Der FC Basel hat einen Nachfolger für Trainer Murat Yakin gefunden. Neuer Chefcoach ab der kommenden Saison wird der Portugiese Paulo Sousa, der bisher den israelischen Meister Maccabi Tel Aviv führte.

Legende: Video Paulo Sousa neuer Basel-Trainer abspielen. Laufzeit 2:00 Minuten.
Aus sportaktuell vom 28.05.2014.

Der 43-jährige Sousa unterzeichnete beim FC Basel einen Dreijahres-Vertrag.
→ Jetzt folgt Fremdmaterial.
lemma norm_volterra_term_le:
  assumes "t \<ge> 0"
  shows "norm (V m t) \<le> volterra_bound m"
  using assms
proof (induction m arbitrary: t)
  case 0
  then show ?case by (simp add: volterra_bound_def norm_T_apply_le)
next
  case (Suc k)
  have "norm (duhamel (forcing k) t) \<le> M * (\<Sum>i\<in>UNIV. norm (N i) * volterra_bound k
      + (if k = 0 then norm (B (axis i 1)) else 0)) * (sqrt energy / sqrt (2 * \<nu>))"
  proof (rule norm_duhamel_le[OF Suc.prems continuous_on_forcing])
    fix i s assume s: "s \<in> {0..t}"
    have "norm (N i (V k s)) \<le> norm (N i) * volterra_bound k"
      using norm_blinfun[of "N i" "V k s"] Suc.IH[of s] s
      by (meson atLeastAtMost_iff mult_left_mono norm_ge_zero order_trans)
    then show "norm (forcing k i s) \<le> norm (N i) * volterra_bound k + (if k = 0 then norm (B (axis i 1)) else 0)"
      unfolding forcing_def by (auto intro: norm_triangle_le add_mono)
  qed auto
  also have "\<dots> = volterra_bound (Suc k)"
  proof (cases k)
    case (Suc j)
    have "M * (\<Sum>i\<in>UNIV. norm (N i) * volterra_bound k) * (sqrt energy / sqrt (2 * \<nu>))
        = contraction * volterra_bound k"
      by (simp add: contraction_def sum_distrib_right[symmetric] ac_simps)
    also have "\<dots> = volterra_bound (Suc k)"
      using Suc by (simp add: volterra_bound_def)
    finally show ?thesis using Suc by simp
  qed (simp add: volterra_bound_def)
  finally show ?case unfolding volterra_term_Suc_eq_duhamel .
qed

lemma duhamel_sum_forcing:
  assumes "t \<ge> 0" and "finite A"
  shows "(\<Sum>m\<in>A. duhamel (forcing m) t) = duhamel (\<lambda>i s. \<Sum>m\<in>A. forcing m i s) t"
proof -
  have "(\<Sum>m\<in>A. duhamel (forcing m) t)
      = integral {0..t} (\<lambda>s. \<Sum>m\<in>A. T (t - s) (\<Sum>i\<in>UNIV. u s $ i *\<^sub>R forcing m i s))"
    unfolding duhamel_def using assms
    by (intro integral_sum[symmetric] integrable_duhamel_integrand continuous_on_forcing) auto
  also have "\<dots> = duhamel (\<lambda>i s. \<Sum>m\<in>A. forcing m i s) t"
    unfolding duhamel_def T_apply_control_sum
    by (simp add: blinfun.sum_right blinfun.scaleR_right scaleR_sum_right sum.swap[of _ A])
  finally show ?thesis .
qed

lemma partial_sum_Suc_Suc:
  assumes "t \<ge> 0"
  shows "partial_sum (Suc (Suc K)) t = T t \<phi>0 + duhamel (\<lambda>i s. N i (partial_sum (Suc K) s) + B (axis i 1)) t"
proof -
  have forcing_sum: "(\<lambda>i s. \<Sum>m<Suc K. forcing m i s) = (\<lambda>i s. N i (partial_sum (Suc K) s) + B (axis i 1))"
  proof (intro ext)
    show "(\<Sum>m<Suc K. forcing m i s) = N i (partial_sum (Suc K) s) + B (axis i 1)" for i s
      by (induction K) (simp_all add: forcing_def partial_sum_def blinfun.add_right)
  qed
  have "partial_sum (Suc (Suc K)) t = V 0 t + (\<Sum>m<Suc K. V (Suc m) t)"
    unfolding partial_sum_def by (rule sum.lessThan_Suc_shift)
  also have "\<dots> = V 0 t + (\<Sum>m<Suc K. duhamel (forcing m) t)"
    unfolding volterra_term_Suc_eq_duhamel ..
  also have "\<dots> = T t \<phi>0 + duhamel (\<lambda>i s. N i (partial_sum (Suc K) s) + B (axis i 1)) t"
    by (simp only: duhamel_sum_forcing[OF assms finite_lessThan] forcing_sum volterra_term.simps(1))
  finally show ?thesis .
qed
lemma tamari_le_rotate_to_root:
  assumes "1 \<le> k" and "k \<le> nodes S" and "\<forall>i\<in>{1..<k}. i + rsub S i < k"
  shows "\<exists>S1 S2. nodes S1 = k - 1 \<and> tamari_le S (Node S1 S2)
    \<and> (\<forall>i. i \<noteq> k \<longrightarrow> rsub (Node S1 S2) i = rsub S i)"
  using assms
proof (induction S arbitrary: k)
  case Leaf
  then show ?case by simp
next
  case (Node L R)
  consider "k = Suc (nodes L)" | "Suc (nodes L) < k" | "k \<le> nodes L"
    by linarith
  then show ?case
  proof cases
    case 1
    then show ?thesis
      using tamari_le_refl[of "Node L R"] by (intro exI[of _ L] exI[of _ R]) (simp del: rsub.simps)
  next
    case 2
    then have "Suc (nodes L) + nodes R < k"
      using bspec[OF Node.prems(3), of "Suc (nodes L)"] by simp
    with Node.prems(2) show ?thesis
      by simp
  next
    case 3
    with Node.prems have "\<forall>i\<in>{1..<k}. i + rsub L i < k"
      by auto
    with 3 Node.prems(1) obtain L1 L2 where
      L1: "nodes L1 = k - 1" and L: "tamari_le L (Node L1 L2)"
      and rsub_L: "\<forall>i. i \<noteq> k \<longrightarrow> rsub (Node L1 L2) i = rsub L i"
      using Node.IH(1) by blast
    have "tamari_le (Node L R) (Node L1 (Node L2 R))"
      using tamari_le_Node[OF L tamari_le_refl] tamari_le_rotate by (rule tamari_le_trans)
    moreover have "rsub (Node L1 (Node L2 R)) i = rsub (Node L R) i" if "i \<noteq> k" for i
    proof -
      have "rsub (Node L1 (Node L2 R)) i = rsub (Node (Node L1 L2) R) i"
        using that L1 Node.prems(1) by (simp only: rsub_rotate)
      also have "\<dots> = rsub (Node L R) i"
        using that rsub_L tamari_le_nodes[OF L] by simp
      finally show ?thesis .
    qed
    ultimately show ?thesis
      using L1 by blast
  qed
qed
lemma taylor_tail_scale:
  assumes "0 \<le> \<rho>" and "1 \<le> c"
  shows "c * taylor_tail p m \<rho> \<le> taylor_tail p m (c * \<rho>)"
  unfolding taylor_tail_def sum_distrib_left
proof (rule sum_mono)
  fix k assume "k \<in> {1..degree p}"
  then have "c * \<rho> ^ k \<le> (c * \<rho>) ^ k"
    using assms power_increasing[of 1 k c] by (simp add: power_mult_distrib mult_right_mono)
  then show "c * (norm (poly ((pderiv ^^ k) p) m / fact k) * \<rho> ^ k)
      \<le> norm (poly ((pderiv ^^ k) p) m / fact k) * (c * \<rho>) ^ k"
    by (metis mult.left_commute mult_left_mono norm_ge_zero)
qed

lemma norm_poly_diff_le_taylor_tail:
  fixes p :: "'a::real_normed_field poly"
  assumes "norm (z - m) \<le> \<rho>"
  shows "norm (poly p z - poly p m) \<le> taylor_tail p m \<rho>"
proof -
  have "poly p z - poly p m = (\<Sum>k\<in>{1..degree p}. poly ((pderiv ^^ k) p) m / fact k * (z - m) ^ k)"
    using poly_taylor_expansion[of p m "z - m"] by (simp add: atMost_atLeast0 sum.atLeast_Suc_atMost)
  also have "norm \<dots> \<le> taylor_tail p m \<rho>"
    unfolding taylor_tail_def using assms
    by (intro sum_norm_le)
      (simp only: norm_mult norm_power, auto intro!: mult_left_mono power_mono)
  finally show ?thesis .
qed

lemma norm_sum_power_products_le:
  fixes x y :: "'a::real_normed_field"
  assumes "norm x \<le> \<rho>" and "norm y \<le> \<rho>"
  shows "norm (\<Sum>i<n. y ^ (n - Suc i) * x ^ i) \<le> of_nat n * \<rho> ^ (n - 1)"
proof -
  have "0 \<le> \<rho>"
    using assms(1) norm_ge_zero order_trans by blast
  have "norm (y ^ (n - Suc i) * x ^ i) \<le> \<rho> ^ (n - 1)" if "i < n" for i
  proof -
    have "norm (y ^ (n - Suc i) * x ^ i) \<le> \<rho> ^ (n - Suc i) * \<rho> ^ i"
      unfolding norm_mult norm_power using assms
      by (intro mult_mono power_mono) (auto simp: \<open>0 \<le> \<rho>\<close>)
    also have "\<dots> = \<rho> ^ (n - 1)"
      using that by (simp flip: power_add)
    finally show ?thesis .
  qed
  then have "norm (\<Sum>i<n. y ^ (n - Suc i) * x ^ i) \<le> (\<Sum>i<n. \<rho> ^ (n - 1))"
    by (intro sum_norm_le) auto
  then show ?thesis by simp
qed

lemma poly_diff_eq_mult_divided_taylor:
  fixes p :: "'a::field_char_0 poly"
  shows "poly p z - poly p w = (z - w) * (\<Sum>k<degree p. poly ((pderiv ^^ Suc k) p) m / fact (Suc k)
           * (\<Sum>i<Suc k. (w - m) ^ (k - i) * (z - m) ^ i))"
proof -
  define c where "c k = poly ((pderiv ^^ k) p) m / fact k" for k
  define G where "G k = (\<Sum>i<k. (w - m) ^ (k - Suc i) * (z - m) ^ i)" for k
  have "poly p z - poly p w = (\<Sum>k\<le>degree p. c k * ((z - m) ^ k - (w - m) ^ k))"
    using poly_taylor_expansion[of p m "z - m"] poly_taylor_expansion[of p m "w - m"]
    by (simp add: c_def right_diff_distrib sum_subtractf)
  also have "\<dots> = (z - w) * (\<Sum>k\<le>degree p. c k * G k)"
    unfolding power_diff_sumr2 G_def sum_distrib_left by (simp add: ac_simps)
  also have "(\<Sum>k\<le>degree p. c k * G k) = (\<Sum>k<degree p. c (Suc k) * G (Suc k))"
    by (simp add: sum.atMost_shift G_def)
  finally show ?thesis by (simp add: c_def G_def)
qed
lemma cap_incidence_long_right:
  assumes K: "simplicial_complex K" and ord: "is_ordering K le"
    and xs: "distinct (a # b # c # e # R)" "sorted_wrt le (a # b # c # e # R)"
      "set (a # b # c # e # R) \<in> K"
  shows "(\<Sum>\<sigma>\<in>K. incidence le (set (a # b # c # e # R)) \<sigma> * cap_coeff le 2 T \<sigma> \<tau>)
    = (T {b, c, e} - T {a, c, e} + T {a, b, e}) * (if \<tau> = set (e # R) then 1 else 0)
      - T {a, b, c} * (if \<tau> = set (c # R) then 1 else 0)
      + T {a, b, c} * (\<Sum>i<length R. if \<tau> = set (c # e # R) - {R ! i} then (-1) ^ i else 0)"
proof -
  let ?xs = "a # b # c # e # R"
  let ?cap = "\<lambda>x. cap_coeff le 2 T (set ?xs - {x}) \<tau>"
  have V: "set ?xs \<subseteq> vertices K"
    using xs(3) by (rule simplex_subset_vertices)
  have cap: "?cap x = (if 3 \<le> length (removeAll x ?xs) \<and> \<tau> = set (drop 2 (removeAll x ?xs))
      then T (set (take 3 (removeAll x ?xs))) else 0)" for x
    using cap_coeff_delete[OF ord xs(1,2) V] by (simp add: numeral_eq_Suc)
  have "removeAll a ?xs = b # c # e # R" "removeAll b ?xs = a # c # e # R"
    "removeAll c ?xs = a # b # e # R" "removeAll e ?xs = a # b # c # R"
    using xs(1) by auto
  then have cap_abce: "?cap a = (if \<tau> = set (e # R) then T {b, c, e} else 0)"
    "?cap b = (if \<tau> = set (e # R) then T {a, c, e} else 0)"
    "?cap c = (if \<tau> = set (e # R) then T {a, b, e} else 0)"
    "?cap e = (if \<tau> = set (c # R) then T {a, b, c} else 0)"
    unfolding cap by (simp_all add: numeral_eq_Suc)
  have cap_R: "?cap (R ! i) = (if \<tau> = set (c # e # R) - {R ! i} then T {a, b, c} else 0)"
    if "i < length R" for i
  proof -
    have "R ! i \<in> set R"
      using that by simp
    then have "removeAll (R ! i) ?xs = a # b # c # e # removeAll (R ! i) R"
      "set (c # e # removeAll (R ! i) R) = set (c # e # R) - {R ! i}"
      using xs(1) by auto
    then show ?thesis
      unfolding cap by (simp add: numeral_eq_Suc)
  qed
  have "(\<Sum>\<sigma>\<in>K. incidence le (set ?xs) \<sigma> * cap_coeff le 2 T \<sigma> \<tau>) = (\<Sum>j<length ?xs. (-1) ^ j * ?cap (?xs ! j))"
    using xs V simplicial_complex_finite[OF K]
    by (intro sum_incidence_faces[OF ord] simplicial_complex_face[OF K xs(3)]) auto
  also have "\<dots> = ?cap a - ?cap b + ?cap c - ?cap e + (\<Sum>i<length R. (-1) ^ i * ?cap (R ! i))"
    by (simp only: length_Cons sum.lessThan_Suc_shift nth_Cons_0 nth_Cons_Suc) (simp add: algebra_simps)
  also have "(\<Sum>i<length R. (-1) ^ i * ?cap (R ! i))
      = T {a, b, c} * (\<Sum>i<length R. if \<tau> = set (c # e # R) - {R ! i} then (-1) ^ i else 0)"
    unfolding sum_distrib_left by (rule sum.cong[OF refl], subst cap_R) auto
  also have "?cap a - ?cap b + ?cap c - ?cap e
      = (T {b, c, e} - T {a, c, e} + T {a, b, e}) * (if \<tau> = set (e # R) then 1 else 0)
        - T {a, b, c} * (if \<tau> = set (c # R) then 1 else 0)"
    unfolding cap_abce by simp
  finally show ?thesis .
qed
(* Let $\mathcal{S}\subseteq\mathbb{Q}[x_1,\dots,x_n]$ and let $m\ge1$ be an integer. Set $\mathcal{S}^m=\{P(x_1^m,\dots,x_n^m)\ :\ P\in\mathcal{S}\}$, and for a set $\mathcal{T}$ of polynomials write $\mathcal{T}^m$ likewise. Let $G(I)$ denote the unique reduced monic Gröbner basis of an ideal $I$ with respect to the lexicographic monomial order ($x^\nu>x^\mu$ iff the first non-zero entry of $\nu-\mu$ is positive). Then $$G(\langle\mathcal{S}^m\rangle)=G(\langle\mathcal{S}\rangle)^m,$$ where $\langle\cdot\rangle$ denotes the ideal generated. *)

theory Defs
  imports Complex_Main "HOL-Library.Poly_Mapping"
begin

text \<open>Multivariate polynomials over the rationals in the variables x_0, x_1, ...
  (the paper's x_1,...,x_n are x_0,...,x_(n-1) here).\<close>

type_synonym monom = "nat \<Rightarrow>\<^sub>0 nat"
type_synonym qpoly = "monom \<Rightarrow>\<^sub>0 rat"

definition polys_in :: "nat \<Rightarrow> qpoly set" where
  "polys_in n = {p. \<forall>\<mu>\<in>Poly_Mapping.keys p. Poly_Mapping.keys \<mu> \<subseteq> {..<n}}"

definition gen_ideal :: "nat \<Rightarrow> qpoly set \<Rightarrow> qpoly set" where
  "gen_ideal n S = {p. \<exists>F c. finite F \<and> F \<subseteq> S \<and> (\<forall>s\<in>F. c s \<in> polys_in n)
                          \<and> p = (\<Sum>s\<in>F. c s * s)}"

definition lex_gt :: "monom \<Rightarrow> monom \<Rightarrow> bool" where
  "lex_gt \<nu> \<mu> \<longleftrightarrow> (\<exists>i. Poly_Mapping.lookup \<mu> i < Poly_Mapping.lookup \<nu> i \<and> (\<forall>j<i. Poly_Mapping.lookup \<nu> j = Poly_Mapping.lookup \<mu> j))"

definition lm :: "qpoly \<Rightarrow> monom" where
  "lm p = (THE \<mu>. \<mu> \<in> Poly_Mapping.keys p \<and> (\<forall>\<nu>\<in>Poly_Mapping.keys p. \<nu> \<noteq> \<mu> \<longrightarrow> lex_gt \<mu> \<nu>))"

definition lc :: "qpoly \<Rightarrow> rat" where
  "lc p = Poly_Mapping.lookup p (lm p)"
Den St. Jakob-Park hat der frühere portugiesische Nationalspieler (51 Länderspiele) schon mehrmals kennen gelernt: Als Trainer des Basler Champions-League- und Europa-League-Gegners Maccabi Tel Aviv war er diese Saison gleich zweimal zu Gast am Rheinknie. Und auch 2012 als Coach des ungarischen Klubs Videoton Szekesfehervar traf er im Europacup auf den FC Basel.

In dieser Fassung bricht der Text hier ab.